Coinbase broadened its pre-IPO trading offerings on June 22 by introducing perpetual futures contracts tied to AI firms OpenAI and Anthropic, aiming to capitalize on soaring investor demand for artificial intelligence exposure. However, early trading performance suggests that the launch has not generated the typical listing boost seen with crypto assets.
While the OPENAI-PERP and ANTHROPIC-PERP contracts were designed to let eligible international traders speculate on private-market valuations, Anthropic’s futures fell sharply within a day of debut. On Coinbase, the ANTHROPIC/USDC contract opened near $1,728 and traded around $1,648 at the time of reporting, a drop of roughly 7%. During the volatile session, the contract ranged from a high of $1,769 to a low of $1,560. Similarly, Binance’s ANTHROPIC/USDT perpetual contract lost about 5% in the same window, touching an all-time low of $1,545 on June 23. Overall, the Binance contract has declined approximately 9% since Coinbase’s listing, underscoring the bearish sentiment.
Traders appeared unfazed even by recent positive business developments for Anthropic, such as a partnership with Micron Technology, worth $1.37 trillion.
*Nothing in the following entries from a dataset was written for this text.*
(* Let $a$ be a spectral measure on $\mathbb S^{n-1}$, let $\Omega\subset\mathbb R^n$ be open and $u\in C^1(\Omega)\cap L^\infty(\mathbb R^n)$. Then for every $x\in\Omega$ and every $r>0$ with $B_{2r}(x)\subset\Omega$, $$\lim_{s\nearrow1}\mathscr M^s_r u(x)=\frac12\Big(\int_{\mathbb S^{n-1}}da\Big)^{-1}\int_{\mathbb S^{n-1}}\big(u(x-r\omega)+u(x+r\omega)\big)\,da(\omega).$$
   Context: A spectral measure is a non-negative finite Borel measure $a$ on $\mathbb S^{n-1}$ with $0<\int_{\mathbb S^{n-1}}da\le\Lambda$. For $s\in(0,1)$, $$\mathscr M^s_r u(x)=c(n,s,a)\,r^{2s}\int_r^\infty d\rho\int_{\mathbb S^{n-1}}da(\omega)\,\frac{u(x+\rho\omega)+u(x-\rho\omega)}{(\rho^2-r^2)^s\rho},\qquad c(n,s,a)=\frac{\sin\pi s}{\pi}\Big(\int_{\mathbb S^{n-1}}da\Big)^{-1}.$$ $B_{2r}(x)$ is the open ball of radius $2r$ centered at $x$. *)

theory Defs
  imports "HOL-Analysis.Analysis"
begin

definition spectral_measure :: "real \<Rightarrow> 'a::euclidean_space measure \<Rightarrow> bool" where
  "spectral_measure \<Lambda> a \<longleftrightarrow>
     sets a = sets (restrict_space borel (sphere (0::'a) 1)) \<and>
     space a = sphere 0 1 \<and>
     finite_measure a \<and>
     0 < measure a (space a) \<and> measure a (space a) \<le> \<Lambda>"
Instead, market participants focused on the unresolved risks surrounding the IPO. One key concern echoes the experience with SpaceX pre-IPO perpetuals, which traded about 15% above the eventual $135 IPO price, leaving some investors with losses when public trading began. Additional pressure came after analysts at KeyBanc assigned SpaceX a “Sector Weight” rating without a price target, prompting a more than 10% decline in its shares.
Further clouding the outlook, Anthropic has not disclosed the number of shares it plans to offer, making it difficult for exchanges to anchor futures pricing. Coinbase itself has warned that the final IPO price could differ by as much as 25% in either direction from current perpetual levels. Amid this uncertainty, interest in private-market products continues to grow, with prediction-market platform Kalshi reportedly exceeding a $2 billion annualized revenue run rate and exploring a public offering.